Study on effect of viscosity on thickness of boundary layer in tight reservoir

It has become a consensus that viscosity has an important impact on boundary layer of tight reservoirs. However, there are few quantitative studies on the effect of viscosity on boundary layer by core experiments. NMR analysis based on high-speed centrifugal gas-water and gas-oil displacement and low-temperature adsorption experiment were implemented in this study on typical tight reservoir parallel cores of Ordos and Bohai Bay basins. Total bound water/oil saturation, specific surface area and ratio of micro pore of the reservoir quantitatively were finally obtained, which were used for calculating irreducible water/oil film thickness of reservoir and analyzing influence of viscosity on movable oil and boundary layer. Research show that, movable oil saturation of core saturated high viscosity oil is 23.92% and 18.61% lower than that of core saturated low viscosity oil and water respectively, and effective seepage space is greatly reduced. The lower permeability reservoir has, the greater reduction movable space with high viscosity oil of reservoir owns.

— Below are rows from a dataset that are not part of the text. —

lemma jacobian_block_eigenvalue_norm_less_one:
  fixes S :: "('m::finite \<times> nat) set"
  defines "D \<equiv> {i. \<exists>a. (i, a) \<in> S}"
  assumes sigma_imm: "\<And>i a. a < \<delta> i \<Longrightarrow> 0 < \<sigma> i a"
    and sigma_ad: "\<And>i. 0 \<le> \<sigma> i (\<delta> i)"
    and G_diff: "\<And>i x. G i differentiable (at x)"
    and S: "S \<subseteq> nodes \<delta>"
    and cond: "\<And>i. i \<in> D \<Longrightarrow>
      (\<Sum>j\<in>D. \<bar>birth_partial \<delta> G y i j\<bar>) * (\<Prod>a<\<delta> i. \<sigma> i a) < 1 - \<sigma> i (\<delta> i)"
    and ev: "is_eigenvalue_on S (jacobian \<delta> \<sigma> G y) c"
  shows "cmod c < 1"
proof -
  define B where "B i = (\<Sum>j\<in>D. \<bar>birth_partial \<delta> G y i j\<bar>)" for i
  have "\<exists>W. W (\<delta> i) = 1 \<and> (\<forall>b\<le>\<delta> i. 0 < W b) \<and>
          (i \<in> D \<longrightarrow> (\<forall>a\<le>\<delta> i.
             (if 0 < a then \<sigma> i (a - 1) * W (a - 1) else 0) + (if a = \<delta> i then \<sigma> i (\<delta> i) else 0)
             + (if a = 0 then B i else 0) < W a))" for i
  proof (cases "i \<in> D")
    case True
    have "(\<Prod>a<\<delta> i. \<sigma> i a) * B i < 1 - \<sigma> i (\<delta> i)"
      using cond[OF True] unfolding B_def by (simp add: mult.commute)
    moreover have "0 \<le> B i" unfolding B_def by (simp add: sum_nonneg)
    ultimately obtain W where "W (\<delta> i) = 1" "\<And>a. a \<le> \<delta> i \<Longrightarrow> 0 < W a"
      "\<And>a. a \<le> \<delta> i \<Longrightarrow>
           (if 0 < a then \<sigma> i (a - 1) * W (a - 1) else 0) + (if a = \<delta> i then \<sigma> i (\<delta> i) else 0)
           + (if a = 0 then B i else 0) < W a"
      using age_class_weights[of "\<delta> i" "\<sigma> i" "B i"] sigma_imm by blast
    then show ?thesis by blast
  qed (intro exI[of _ "\<lambda>_. 1"], simp)
  then obtain W where W_adult: "\<And>i. W i (\<delta> i) = 1"
    and W_pos: "\<And>i b. b \<le> \<delta> i \<Longrightarrow> 0 < W i b"
    and W_rows: "\<And>i a. i \<in> D \<Longrightarrow> a \<le> \<delta> i \<Longrightarrow>
           (if 0 < a then \<sigma> i (a - 1) * W i (a - 1) else 0) + (if a = \<delta> i then \<sigma> i (\<delta> i) else 0)
           + (if a = 0 then B i else 0) < W i a"
    by (metis choice)
  define wt where "wt q = W (fst q) (snd q)" for q
  have wt_pos: "0 < wt q" if "q \<in> nodes \<delta>" for q
    using that W_pos unfolding wt_def nodes_def by auto
  show ?thesis
  proof (rule norm_eigenvalue_less_one_by_row_weights[OF _ ev])
    show "finite S" using finite_nodes S by (rule finite_subset[rotated])
    show "0 < wt p" if "p \<in> S" for p by (intro wt_pos subsetD[OF S that])
    show "(\<Sum>q\<in>S. \<bar>jacobian \<delta> \<sigma> G y p q\<bar> * wt q) < wt p" if p: "p \<in> S" for p
    proof -
      obtain i a where p_eq: "p = (i, a)" by fastforce
      have "i \<in> D" "a \<le> \<delta> i" using p S unfolding p_eq D_def nodes_def by auto
      have wt_nonneg: "0 \<le> wt q" if "q \<in> nodes \<delta>" for q using wt_pos[OF that] by simp
      have wt_adult: "wt (j, \<delta> j) = 1" for j unfolding wt_def by (simp add: W_adult)
      have "(\<Sum>q\<in>S. \<bar>jacobian \<delta> \<sigma> G y (i, a) q\<bar> * wt q)
          \<le> (if 0 < a then \<bar>\<sigma> i (a - 1)\<bar> * wt (i, a - 1) else 0)
            + (if a = \<delta> i then \<bar>\<sigma> i (\<delta> i)\<bar> else 0) + (if a = 0 then B i else 0)"
        unfolding B_def D_def
        by (rule jacobian_row_weighted_sum_le[where G = G and \<delta> = \<delta> and wt = wt,
              OF G_diff S \<open>finite S\<close> p[unfolded p_eq] wt_nonneg wt_adult])
      also have "\<dots> = (if 0 < a then \<sigma> i (a - 1) * W i (a - 1) else 0)
            + (if a = \<delta> i then \<sigma> i (\<delta> i) else 0) + (if a = 0 then B i else 0)"
      proof -
        have "0 < a \<Longrightarrow> 0 < \<sigma> i (a - 1)" using sigma_imm \<open>a \<le> \<delta> i\<close> by simp
        then show ?thesis using sigma_ad[of i] by (auto simp: wt_def)
      qed
      also have "\<dots> < wt (i, a)"
        using W_rows[OF \<open>i \<in> D\<close> \<open>a \<le> \<delta> i\<close>] unfolding wt_def by simp
      finally show ?thesis unfolding p_eq .
    qed
  qed
qed
(* For every $n\ge2$, $$E\big[U^{(n)}\tau^{(n)}\big]=\frac{n+1}{n-1}\big(H_{n,1}^2-H_{n,2}\big)-\frac{2n}{n-1}\big(H_{n,1}-1\big).$$
   Context: Fix $n\ge 2$. A Yule tree with speciation rate 1 on $n$ tips: start with a single lineage; each lineage independently splits into two at rate 1; the process is stopped just before the $n$-th speciation event, so the tree has $n$ tips and $n-1$ speciation (internal) nodes, numbered $1,\dots,n-1$ chronologically from the root. For $i=1,\dots,n$ let $T_i$ be the length of the time interval during which there are exactly $i$ lineages; the $T_i$ are independent, $T_i\sim\mathrm{Exp}(i)$ (rate $i$), the $k$-th speciation occurs at time $T_1+\dots+T_k$, and at each speciation the splitting lineage is uniformly chosen among current lineages, independently of the $T_i$. The tree height is $U^{(n)}=T_1+\dots+T_n$. Choose an unordered pair of distinct tips uniformly at random and let $\kappa_n\in\{1,\dots,n-1\}$ be the index of the speciation event at which their lineages split; the coalescent time of the pair is $\tau^{(n)}=T_{\kappa_n+1}+\dots+T_n$. $H_{n,r}=\sum_{i=1}^n i^{-r}$. *)

theory Defs
  imports "HOL-Probability.Probability"
begin

definition H :: "nat \<Rightarrow> nat \<Rightarrow> real" where
  "H n r = (\<Sum>i=1..n. 1 / (real i) ^ r)"

text \<open>Tree topology of the Yule process after k speciation events.
  The tree is encoded as the list of its current lineages; each lineage is
  represented by the set of (chronological indices of) speciation events on
  its path from the root.\<close>
fun yule_shape :: "nat \<Rightarrow> nat set list pmf" where
  "yule_shape 0 = return_pmf [{}]"
| "yule_shape (Suc k) =
     do { L \<leftarrow> yule_shape k;
          j \<leftarrow> pmf_of_set {..<length L};
          let c = insert (Suc k) (L ! j);
          return_pmf (L[j := c] @ [c]) }"

text \<open>kappa_n: choose an unordered pair of distinct tips of the n-tip tree
  uniformly; the index of the speciation event at which their lineages split
  is the latest speciation event common to both ancestries.\<close>
definition kappa_pmf :: "nat \<Rightarrow> nat pmf" where
  "kappa_pmf n =
     do { L \<leftarrow> yule_shape (n - 1);
          p \<leftarrow> pmf_of_set {(a, b). a < b \<and> b < length L};
          return_pmf (Max (L ! fst p \<inter> L ! snd p)) }"

definition T_measure :: "nat \<Rightarrow> (nat \<Rightarrow> real) measure" where
  "T_measure n = (\<Pi>\<^sub>M i\<in>{1..n}. density lborel (exponential_density (real i)))"

definition yule_space :: "nat \<Rightarrow> ((nat \<Rightarrow> real) \<times> nat) measure" where
  "yule_space n = T_measure n \<Otimes>\<^sub>M measure_pmf (kappa_pmf n)"

definition height :: "nat \<Rightarrow> (nat \<Rightarrow> real) \<Rightarrow> real" where
  "height n T = (\<Sum>i=1..n. T i)"

definition coal_time :: "nat \<Rightarrow> (nat \<Rightarrow> real) \<Rightarrow> nat \<Rightarrow> real" where
  "coal_time n T k = (\<Sum>i\<in>{k<..n}. T i)"

end

theory Submission
  imports Defs
begin

(*
  Since U = \<Sum>\<^sub>i T\<^sub>i and \<tau> = \<Sum>\<^sub>j T\<^sub>j [\<kappa> < j] with T independent of \<kappa>, the expectation
  is \<Sum>\<^sub>i\<^sub>j E[T\<^sub>i T\<^sub>j] P(\<kappa> < j), where E[T\<^sub>i T\<^sub>j] = (1 + [i = j]) / (i j).
  For the law of \<kappa>, let S\<^sub>k be the sum of h over the split events of all pairs of lineages
  after k speciations. When lineage j splits at event k+1, old pairs keep their split event, the
  two daughters split at k+1, and the new lineage repeats every pair of its sister; averaging
  over j gives E S\<^sub>k\<^sub>+\<^sub>1 = h(k+1) + (k+3)/(k+1) E S\<^sub>k. Hence
  P(\<kappa> = e) = 2(n+1) / ((n-1)(e+1)(e+2)), by telescoping P(\<kappa> < j) = (n+1)(j-1) / ((n-1)(j+1)),
  and the remaining double sum is evaluated by partial fractions.
*)

lemma sum_pairs_less:
  fixes f :: "nat \<times> nat \<Rightarrow> 'a::comm_monoid_add"
  shows "(\<Sum>p\<in>{(a, b). a < b \<and> b < m}. f p) = (\<Sum>b<m. \<Sum>a<b. f (a, b))"
proof (induction m)
  case (Suc m)
  have pairs_Suc: "{(a, b). a < b \<and> b < Suc m} = {(a, b). a < b \<and> b < m} \<union> (\<lambda>a. (a, m)) ` {..<m}"
    by auto
  have "finite {(a, b). a < b \<and> b < m}"
    by (rule finite_subset[of _ "{..<m} \<times> {..<m}"]) auto
  then have "(\<Sum>p\<in>{(a, b). a < b \<and> b < Suc m}. f p)
      = (\<Sum>p\<in>{(a, b). a < b \<and> b < m}. f p) + (\<Sum>a<m. f (a, m))"
    unfolding pairs_Suc by (subst sum.union_disjoint) (auto simp: sum.reindex inj_on_def)
  then show ?case using Suc by simp
qed simp

lemma card_pairs_less: "real (card {(a, b). a < b \<and> b < m}) = real m * (real m - 1) / 2"
proof -
  have "real (card {(a, b). a < b \<and> b < m}) = (\<Sum>b<m. real b)"
    using sum_pairs_less[of "\<lambda>_. 1 :: real" m] by simp
  also have "\<dots> = real m * (real m - 1) / 2"
    by (induction m) (auto simp: field_simps)
  finally show ?thesis .
qed

lemma sum_off_diagonal_symmetric:
  fixes G :: "nat \<Rightarrow> nat \<Rightarrow> 'a::comm_semiring_1"
  assumes "\<And>a b. G a b = G b a"
  shows "(\<Sum>j<m. \<Sum>a\<in>{..<m} - {j}. G a j) = 2 * (\<Sum>b<m. \<Sum>a<b. G a b)"
proof (induction m)
  case (Suc m)
  have "(\<Sum>j<Suc m. \<Sum>a\<in>{..<Suc m} - {j}. G a j)
      = (\<Sum>j<m. (\<Sum>a\<in>{..<m} - {j}. G a j) + G m j) + (\<Sum>a<m. G a m)"
  proof -
    have "{..<Suc m} - {j} = insert m ({..<m} - {j})" if "j < m" for j
      using that by auto
    then show ?thesis by (simp add: lessThan_Suc_eq_insert_0[symmetric] lessThan_Suc add.commute)
  qed
  then show ?case using Suc by (simp add: sum.distrib assms mult_2 add_ac)
qed simp

lemma expectation_bind_pmf_finite:
  fixes h :: "'b \<Rightarrow> real"
  assumes "finite (set_pmf p)" "\<And>x. x \<in> set_pmf p \<Longrightarrow> finite (set_pmf (f x))"
  shows "measure_pmf.expectation (bind_pmf p f) h =
         measure_pmf.expectation p (\<lambda>x. measure_pmf.expectation (f x) h)"
proof -
  have "measure_pmf.expectation (bind_pmf p f) h =
        (\<Sum>x\<in>set_pmf p. pmf p x *\<^sub>R measure_pmf.expectation (f x) h)"
    by (rule pmf_expectation_bind[OF assms subset_refl])
  also have "\<dots> = measure_pmf.expectation p (\<lambda>x. measure_pmf.expectation (f x) h)"
    by (rule integral_measure_pmf[OF assms(1), symmetric]) auto
  finally show ?thesis .
qed

definition speciate :: "nat \<Rightarrow> nat set list \<Rightarrow> nat \<Rightarrow> nat set list" where
  "speciate k L j = L[j := insert k (L ! j)] @ [insert k (L ! j)]"

lemma yule_shape_Suc_speciate:
  "yule_shape (Suc k) = yule_shape k \<bind> (\<lambda>L. map_pmf (speciate (Suc k) L) (pmf_of_set {..<length L}))"
  by (simp add: speciate_def map_pmf_def Let_def)

lemma yule_shape_lineages:
  "L \<in> set_pmf (yule_shape k) \<Longrightarrow> length L = Suc k \<and> (\<forall>x\<in>set L. x \<subseteq> {1..k})"
proof (induction k arbitrary: L)
  case 0
  then show ?case by simp
next
  case (Suc k)
  then obtain L0 j where L0: "L0 \<in> set_pmf (yule_shape k)"
    and j: "j \<in> set_pmf (pmf_of_set {..<length L0})" and L: "L = speciate (Suc k) L0 j"
    unfolding yule_shape_Suc_speciate by auto
  have len: "length L0 = Suc k" and sub: "\<forall>x\<in>set L0. x \<subseteq> {1..k}"
    using Suc.IH[OF L0] by auto
  then have "j < Suc k" using j by (subst (asm) set_pmf_of_set) auto
  then have "L0 ! j \<subseteq> {1..k}"
    using sub len by simp
  then have "insert (Suc k) (L0 ! j) \<subseteq> {1..Suc k}"
    by auto
  moreover have "set L \<subseteq> insert (insert (Suc k) (L0 ! j)) (set L0)"
    unfolding L speciate_def using set_update_subset_insert by fastforce
  ultimately have "\<forall>x\<in>set L. x \<subseteq> {1..Suc k}"
    using sub by fastforce
  then show ?case by (simp add: L speciate_def len)
qed

lemma finite_set_pmf_yule_shape: "finite (set_pmf (yule_shape k))"
proof (induction k)
  case (Suc k)
  have "finite (set_pmf (pmf_of_set {..<length L}))" if "L \<in> set_pmf (yule_shape k)" for L
    using yule_shape_lineages[OF that] by (subst set_pmf_of_set) auto
  then show ?case using Suc unfolding yule_shape_Suc_speciate by simp
qed simp

definition split_sum :: "(nat \<Rightarrow> real) \<Rightarrow> nat set list \<Rightarrow> real" where
  "split_sum h L = (\<Sum>b<length L. \<Sum>a<b. h (Max (L ! a \<inter> L ! b)))"

lemma split_sum_speciate:
  assumes len: "length L = Suc k" and sub: "\<forall>x\<in>set L. x \<subseteq> {1..k}" and j: "j < Suc k"
  shows "split_sum h (speciate (Suc k) L j)
       = split_sum h L + h (Suc k) + (\<Sum>a\<in>{..<Suc k} - {j}. h (Max (L ! a \<inter> L ! j)))"
proof -
  define c where "c = insert (Suc k) (L ! j)"
  define L' where "L' = speciate (Suc k) L j"
  have fin: "L ! a \<subseteq> {1..k}" if "a < Suc k" for a
    using sub len that by simp
  then have new: "Suc k \<notin> L ! a" if "a < Suc k" for a
    using that by fastforce
  have len': "length L' = Suc (Suc k)"
    using len by (simp add: L'_def speciate_def)
  have nth': "L' ! a = (if a = j then c else L ! a)" if "a < Suc k" for a
    using len that by (auto simp: L'_def speciate_def c_def nth_append)
  have last': "L' ! Suc k = c"
    using len by (simp add: L'_def speciate_def c_def nth_append)
  have old_pairs: "L' ! a \<inter> L' ! b = L ! a \<inter> L ! b" if "a < b" "b < Suc k" for a b
    using new that by (auto simp: nth' c_def)
  have new_pairs: "L' ! a \<inter> L' ! Suc k = L ! a \<inter> L ! j" if "a < Suc k" "a \<noteq> j" for a
    using new that by (auto simp: nth' last' c_def)
  have max_c: "Max c = Suc k"
    unfolding c_def using fin[OF j] by (intro Max_eqI) (auto intro: finite_subset)
  then have split_pair: "Max (L' ! j \<inter> L' ! Suc k) = Suc k"
    using j by (simp add: nth' last')
  have "split_sum h L' = (\<Sum>b<Suc k. \<Sum>a<b. h (Max (L' ! a \<inter> L' ! b)))
                        + (\<Sum>a<Suc k. h (Max (L' ! a \<inter> L' ! Suc k)))"
    unfolding split_sum_def len' by simp
  also have "(\<Sum>b<Suc k. \<Sum>a<b. h (Max (L' ! a \<inter> L' ! b))) = split_sum h L"
    unfolding split_sum_def len by (intro sum.cong refl) (simp add: old_pairs)
  also have "(\<Sum>a<Suc k. h (Max (L' ! a \<inter> L' ! Suc k)))
           = h (Suc k) + (\<Sum>a\<in>{..<Suc k} - {j}. h (Max (L ! a \<inter> L ! j)))"
    using j by (subst sum.remove[of _ j]) (auto simp: split_pair new_pairs intro!: sum.cong)
  finally show ?thesis
    unfolding L'_def by simp
qed

lemma sum_split_sum_speciate:
  assumes len: "length L = Suc k" and sub: "\<forall>x\<in>set L. x \<subseteq> {1..k}"
  shows "(\<Sum>j<Suc k. split_sum h (speciate (Suc k) L j))
       = real (Suc k) * h (Suc k) + (real k + 3) * split_sum h L"
proof -
  have "(\<Sum>j<Suc k. split_sum h (speciate (Suc k) L j))
      = real (Suc k) * (split_sum h L + h (Suc k))
        + (\<Sum>j<Suc k. \<Sum>a\<in>{..<Suc k} - {j}. h (Max (L ! a \<inter> L ! j)))"
    by (simp add: split_sum_speciate[OF len sub] sum.distrib)
  also have "(\<Sum>j<Suc k. \<Sum>a\<in>{..<Suc k} - {j}. h (Max (L ! a \<inter> L ! j))) = 2 * split_sum h L"
    unfolding split_sum_def len by (rule sum_off_diagonal_symmetric) (simp add: Int_commute)
  finally show ?thesis
    by (simp add: algebra_simps)
qed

The average bound water film thickness of Ordos and Bohai Bay basin cores is 17.74 nm and 16.99 nm, respectively. The average bound oil film boundary of core in Ordos Basin is 20.72 nm. The average thickness of high viscous oil film of core in Bohai Bay basin is 38.10 nm, and the thickness of low viscosity oil film is 18.80 nm. The oil-water viscosity ratio in Ordos Basin is small, and oil-water film thickness is close, indicating that fluid viscosity has little influence on boundary layer thickness of target reservoir. The low viscosity oil-water viscosity ratio in Bohai Bay basin is small, and oil-water film thickness is close. The thickness of high viscosity oil film is more than twice that of low viscosity oil film and water film. When the oil viscosity is higher than 8.9 mPa s, thickness of boundary layer will be greatly affected, leading to a significant reduction of effective seepage throat, a significant increase of seepage resistance and development difficulty.